The emirate certainly boxes well above its weight. Backed by oil and gas wealth that translates into annual per capita income of $110,000, the second highest in the world, Qatar has emerged since the 1990s as a central diplomatic player on the regional stage.

With a total population estimated at 1.7 million — the World Bank says that more than 80 percent are expatriates — the emirate now rates as the fifth biggest economy in the Middle East. It maintains a high international profile to remind the world — and, as importantly, its own powerful neighbors, Saudi Arabia and Iran — that it matters.

How has a state smaller than Connecticut, with an indigenous population that barely rivals Bakersfield, California, succeeded in instilling such fear and antipathy in the hearts of the Middle East’s authoritarian rulers?

On the diplomatic front, it has succeeded in maintaining good contacts with states as diverse as Israel and Iran, and with political movements that include the Afghan Taliban and Lebanon’s radical Hezbollah movement.
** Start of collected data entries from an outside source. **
(*
  Counting-model answers see the number of True balls in a query only up to its mirror
  image |Q| - count.  Fix a coloring c with exactly n div 2 True balls.  For even n it is
  balanced, so a successful strategy must certify that every consistent coloring is
  balanced; for odd n it has a False majority, so the consistent colorings with a True
  majority must all disagree with c at a common ball.  Painting True a ball that lies in no
  query, or two private balls (balls of query degree 1) of a query with |Q|/2 - 1 True balls,
  yields consistent colorings that break this.  For even k this leaves at most one
  unqueried ball and few private balls, and double counting query degrees gives the bound.
  For odd k, if fewer than d(k-1,n-1) queries meet a ball i (for odd n, one of two balls),
  these queries minus one ball of the pair have Property C as a hypergraph on n - 1
  vertices; a balanced coloring of them puts (k-1)/2 True balls in each such query, and
  then painting i True is undetectable.  So every ball (pair of balls) meets at least
  d(k-1,n-1) queries, and double counting again gives the bound.
*)

section \<open>Answers of the counting model under recoloring\<close>

definition count_true :: "(nat \<Rightarrow> bool) \<Rightarrow> nat set \<Rightarrow> nat" where
  "count_true c A = card {x\<in>A. c x}"

definition paint_true :: "(nat \<Rightarrow> bool) \<Rightarrow> nat set \<Rightarrow> nat \<Rightarrow> bool" where
  "paint_true c F x \<longleftrightarrow> c x \<or> x \<in> F"

lemma paint_true_outside [simp]: "x \<notin> F \<Longrightarrow> paint_true c F x = c x"
  by (simp add: paint_true_def)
In the past week, it brokered a unity deal between Fatah and Hamas, the rival Palestinian movements, and, as my colleague Alissa J. Rubin wrote from Kabul, it is said to be hosting meetings between U.S. and Taliban officials.

Embattled Arab regimes have persistently accused the Qatari-owned Al Jazeera channel of exercising a malign influence in the region. They have denounced it as an extension of Qatari foreign policy in spite of assurances from the emirate that it exercises no influence over the broadcaster.
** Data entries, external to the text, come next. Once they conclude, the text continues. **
definition GrpProd :: "('a::complex_normed_vector \<Rightarrow> 'a) set \<Rightarrow> ('a \<Rightarrow> 'a) set" where
  "GrpProd \<A> = {A \<circ> B | A B. A \<in> Grp \<A> \<and> B \<in> Grp (commutant \<A>)}"

definition Col :: "('a::complex_normed_vector \<Rightarrow> 'a) set \<Rightarrow> ('a \<Rightarrow> 'a) set" where
  "Col \<T> = {S \<in> Grp BX. \<forall>M. closed_csubspace M \<longrightarrow> (M \<in> Lat \<T> \<longleftrightarrow> S ` M \<in> Lat \<T>)}"

definition Col_group :: "('a::complex_normed_vector \<Rightarrow> 'a) set \<Rightarrow> ('a \<Rightarrow> 'a) monoid" where
  "Col_group \<T> = \<lparr>carrier = Col \<T>, mult = (\<circ>), one = id\<rparr>"

end

theory Submission
  imports Defs
begin

text \<open>An operator of \<open>Grp(\<A>)\<close> leaves every subspace of \<open>Lat \<A>\<close> fixed, and
an invertible operator commuting with \<open>\<A>\<close> carries it to another one; hence
\<open>Grp(\<A>)Grp(\<A>') \<subseteq> Col(\<A>)\<close>. Conversely, if \<open>S \<in> Col(\<A>)\<close> then conjugation by
\<open>S\<close> preserves \<open>Alg (Lat \<A>)\<close>, which is \<open>\<A>\<close> by reflexivity; so it also preserves
the commutant \<open>\<A>'\<close>, and an invertible operator whose conjugation preserves a
set of operators permutes its invariant subspaces, giving \<open>S \<in> Col(\<A>')\<close>. The same
conjugation invariance of \<open>\<A>\<close> and \<open>\<A>'\<close> makes \<open>Grp(\<A>)Grp(\<A>')\<close> normal in
\<open>Col(\<A>)\<close>; it is a subgroup because \<open>\<A>\<close> and \<open>\<A>'\<close> commute.\<close>

text \<open>Plain \<open>inv\<close> is taken by the group inverse of HOL-Algebra's structure syntax.\<close>

abbreviation inv_op :: "('b \<Rightarrow> 'b) \<Rightarrow> 'b \<Rightarrow> 'b" where
  "inv_op f \<equiv> inv_into UNIV f"

lemma bounded_clinear_compose:
  "bounded_clinear f \<Longrightarrow> bounded_clinear g \<Longrightarrow> bounded_clinear (f \<circ> g)"
  unfolding bounded_clinear_def using bounded_linear_compose[of f g] by (auto simp: o_def)

lemma bounded_clinear_id: "bounded_clinear id"
  unfolding bounded_clinear_def using bounded_linear_ident by (simp add: id_def)

lemma BX_comp: "S \<in> BX \<Longrightarrow> T \<in> BX \<Longrightarrow> S \<circ> T \<in> BX"
  by (simp add: BX_def bounded_clinear_compose)

lemma id_in_BX: "id \<in> BX"
  by (simp add: BX_def bounded_clinear_id)

lemma closed_csubspace_vimage:
  assumes f: "bounded_clinear f" and M: "closed_csubspace M"
  shows "closed_csubspace (f -` M)"
proof -
  have lin: "bounded_linear f" and scale: "\<And>c x. f (c *\<^sub>C x) = c *\<^sub>C f x"
    using f unfolding bounded_clinear_def by auto
  have "closed (f -` M)"
    using M lin unfolding closed_csubspace_def
    by (auto intro: closed_vimage linear_continuous_on)
  with M show ?thesis
    unfolding closed_csubspace_def using lin scale by (simp add: linear_simps)
qed

lemma GrpD: "S \<in> Grp C \<Longrightarrow> S \<in> C" "S \<in> Grp C \<Longrightarrow> inv_op S \<in> C"
  unfolding Grp_def by auto

lemma Grp_bij: "S \<in> Grp C \<Longrightarrow> bij S"
  unfolding Grp_def by auto

lemma Grp_inv_inv: "S \<in> Grp C \<Longrightarrow> inv_op (inv_op S) = S"
  using Grp_bij inv_inv_eq by blast

lemma Grp_inv_apply [simp]:
  "S \<in> Grp C \<Longrightarrow> inv_op S (S x) = x"
  "S \<in> Grp C \<Longrightarrow> S (inv_op S x) = x"
  using Grp_bij[of S C] by (simp_all add: bij_is_inj bij_is_surj surj_f_inv_f)

lemma Grp_inv: "S \<in> Grp C \<Longrightarrow> inv_op S \<in> Grp C"
  unfolding Grp_def by (auto simp: bij_imp_bij_inv inv_inv_eq)

lemma mono_Grp: "C \<subseteq> D \<Longrightarrow> Grp C \<subseteq> Grp D"
  unfolding Grp_def by auto

lemma Grp_id: "id \<in> C \<Longrightarrow> id \<in> Grp C"
  unfolding Grp_def by simp

lemma Grp_comp:
  assumes "\<And>X Y. X \<in> C \<Longrightarrow> Y \<in> C \<Longrightarrow> X \<circ> Y \<in> C" and "S \<in> Grp C" and "T \<in> Grp C"
  shows "S \<circ> T \<in> Grp C"
  using assms unfolding Grp_def by (auto simp: bij_comp o_inv_distrib)

lemma Grp_conj:
  assumes S: "S \<in> Grp D" and X: "X \<in> Grp C" and conj: "\<And>Y. Y \<in> C \<Longrightarrow> S \<circ> Y \<circ> inv_op S \<in> C"
  shows "S \<circ> X \<circ> inv_op S \<in> Grp C"
proof -
  have bij: "bij S" "bij (inv_op S)" "bij X"
    using Grp_bij[OF S] Grp_bij[OF Grp_inv[OF S]] Grp_bij[OF X] by auto
  then have "inv_op (S \<circ> X \<circ> inv_op S) = S \<circ> inv_op X \<circ> inv_op S"
    by (simp add: o_inv_distrib bij_comp Grp_inv_inv[OF S] o_assoc)
  then show ?thesis
    unfolding Grp_def using conj[OF GrpD(1)[OF X]] conj[OF GrpD(2)[OF X]] bij
    by (simp add: bij_comp)
qed

lemma BX_conj: "S \<in> Grp BX \<Longrightarrow> T \<in> BX \<Longrightarrow> S \<circ> T \<circ> inv_op S \<in> BX"
  using GrpD[of S BX] by (simp add: BX_comp)

lemma closed_csubspace_image_Grp_BX:
  assumes S: "S \<in> Grp BX" and M: "closed_csubspace M"
  shows "closed_csubspace (S ` M)"
proof -
  have "S ` M = inv_op S -` M"
    using bij_vimage_eq_inv_image[OF bij_imp_bij_inv[OF Grp_bij[OF S]]] Grp_inv_inv[OF S] by simp
  then show ?thesis
    using closed_csubspace_vimage[OF _ M] GrpD(2)[OF S] by (simp add: BX_def)
qed

lemma LatD:
  "M \<in> Lat \<T> \<Longrightarrow> closed_csubspace M"
  "M \<in> Lat \<T> \<Longrightarrow> T \<in> \<T> \<Longrightarrow> x \<in> M \<Longrightarrow> T x \<in> M"
  unfolding Lat_def by auto

lemma Lat_image_Grp:
  assumes S: "S \<in> Grp \<T>" and M: "M \<in> Lat \<T>"
  shows "S ` M = M"
proof
  show "S ` M \<subseteq> M" using LatD(2)[OF M GrpD(1)[OF S]] by blast
  show "M \<subseteq> S ` M"
  proof
    fix x assume "x \<in> M"
    then have "inv_op S x \<in> M" using LatD(2)[OF M GrpD(2)[OF S]] by blast
    then show "x \<in> S ` M" using Grp_inv_apply(2)[OF S, of x] by (metis image_eqI)
  qed
qed

lemma Lat_image_if_conj_closed:
  assumes S: "S \<in> Grp BX" and conj: "\<And>T. T \<in> \<T> \<Longrightarrow> inv_op S \<circ> T \<circ> S \<in> \<T>"
    and M: "M \<in> Lat \<T>"
  shows "S ` M \<in> Lat \<T>"
proof -
  have "T (S x) \<in> S ` M" if T: "T \<in> \<T>" and x: "x \<in> M" for T x
  proof -
    have "(inv_op S \<circ> T \<circ> S) x \<in> M" using LatD(2)[OF M conj[OF T] x] .
    moreover have "T (S x) = S ((inv_op S \<circ> T \<circ> S) x)" using S by simp
    ultimately show ?thesis by blast
  qed
  then show ?thesis
    unfolding Lat_def using closed_csubspace_image_Grp_BX[OF S LatD(1)[OF M]] by blast
qed

lemma ColI:
  assumes "S \<in> Grp BX" and "\<And>M. M \<in> Lat \<T> \<Longrightarrow> S ` M \<in> Lat \<T>"
    and "\<And>M. M \<in> Lat \<T> \<Longrightarrow> inv_op S ` M \<in> Lat \<T>"
  shows "S \<in> Col \<T>"
proof -
  have "M \<in> Lat \<T>" if "S ` M \<in> Lat \<T>" for M
    using assms(3)[OF that] image_inv_f_f[OF bij_is_inj[OF Grp_bij[OF assms(1)]]] by simp
  then show ?thesis
    unfolding Col_def using assms(1,2) by blast
qed

lemma Col_Grp_BX: "S \<in> Col \<T> \<Longrightarrow> S \<in> Grp BX"
  unfolding Col_def by simp

lemma Col_image_Lat: "S \<in> Col \<T> \<Longrightarrow> M \<in> Lat \<T> \<Longrightarrow> S ` M \<in> Lat \<T>"
  unfolding Col_def Lat_def by blast

lemma Col_inv:
  assumes S: "S \<in> Col \<T>"
  shows "inv_op S \<in> Col \<T>"
proof (rule ColI)
  have G: "S \<in> Grp BX" using S by (rule Col_Grp_BX)
  show "inv_op S \<in> Grp BX" using Grp_inv[OF G] .
  fix M assume M: "M \<in> Lat \<T>"
  have "S ` inv_op S ` M = M" using G by (simp add: image_image)
  moreover have "closed_csubspace (inv_op S ` M)"
    using closed_csubspace_image_Grp_BX[OF Grp_inv[OF G] LatD(1)[OF M]] .
  ultimately show "inv_op S ` M \<in> Lat \<T>"
    using S M unfolding Col_def by simp
  show "inv_op (inv_op S) ` M \<in> Lat \<T>"
    using Col_image_Lat[OF S M] Grp_inv_inv[OF G] by simp
qed

lemma Col_comp:
  assumes S: "S \<in> Col \<T>" and R: "R \<in> Col \<T>"
  shows "S \<circ> R \<in> Col \<T>"
proof (rule ColI)
  have GS: "S \<in> Grp BX" and GR: "R \<in> Grp BX" using S R by (auto intro: Col_Grp_BX)
  show "S \<circ> R \<in> Grp BX" using Grp_comp[OF BX_comp GS GR] .
  fix M assume M: "M \<in> Lat \<T>"
  show "(S \<circ> R) ` M \<in> Lat \<T>"
    using Col_image_Lat[OF S Col_image_Lat[OF R M]] by (simp add: image_comp)
  have "inv_op (S \<circ> R) = inv_op R \<circ> inv_op S"
    using o_inv_distrib Grp_bij[OF GS] Grp_bij[OF GR] by blast
  then show "inv_op (S \<circ> R) ` M \<in> Lat \<T>"
    using Col_image_Lat[OF Col_inv[OF R] Col_image_Lat[OF Col_inv[OF S] M]]
    by (simp add: image_comp)
qed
Some regional analysts say the policy of Qatar’s rulers has little to do with promoting radical change in the Middle East and everything to do with preventing the winds of change in the region blowing away conservative regimes such as their own. For that reason, it had favored seemingly more malleable Islamic groups over potentially more threatening democratic trends.

Hussein Ibish, Senior Research Fellow at the American Task Force on Palestine and a Washington-based Middle East analyst, told Rendezvous that Qatari policy was geared to preventing the new Arab liberationist narrative from spreading to the monarchies of the Persian Gulf and elsewhere.

“It also seeks to limit the influence of Iran and its allies; to promote Islamist alternatives in post-dictatorship Arab societies over liberal or, worse still, revolutionary ones; and to ensure that the regional order is not threatened at a core strategic level,” Dr. Ibish said.

One Arab commentator, Samir Boutamdja, has described Qatar’s Sheikh Hamad as a latter-day Renaissance Doge of Venice, a geographically tiny state that acted as a diplomatic intermediary between the Vatican and the Ottoman Sultan in order to avoid being swallowed by either of them.

Despite its network of close diplomatic relationships, ties with Russia are less secure. Last November, in a week when Sergey V. Lavrov, the Russian foreign minister, criticized Qatar’s role in Libya, Russia’s ambassador to Qatar protested that he had been assaulted by customs officials at Doha airport attempting to confiscate his diplomatic pouch and steal its secrets. Mr Lavrov responded by suspending diplomatic ties with Qatar.

This week, Khalid bin Mohamed al-Attiyah, Qatar’s minister of state for foreign affairs, has described Russian and Chinese vetoes of a United Nations Security Council resolution on the Syria crisis as “a license to kill” for Syrian President Bashar al-Assad.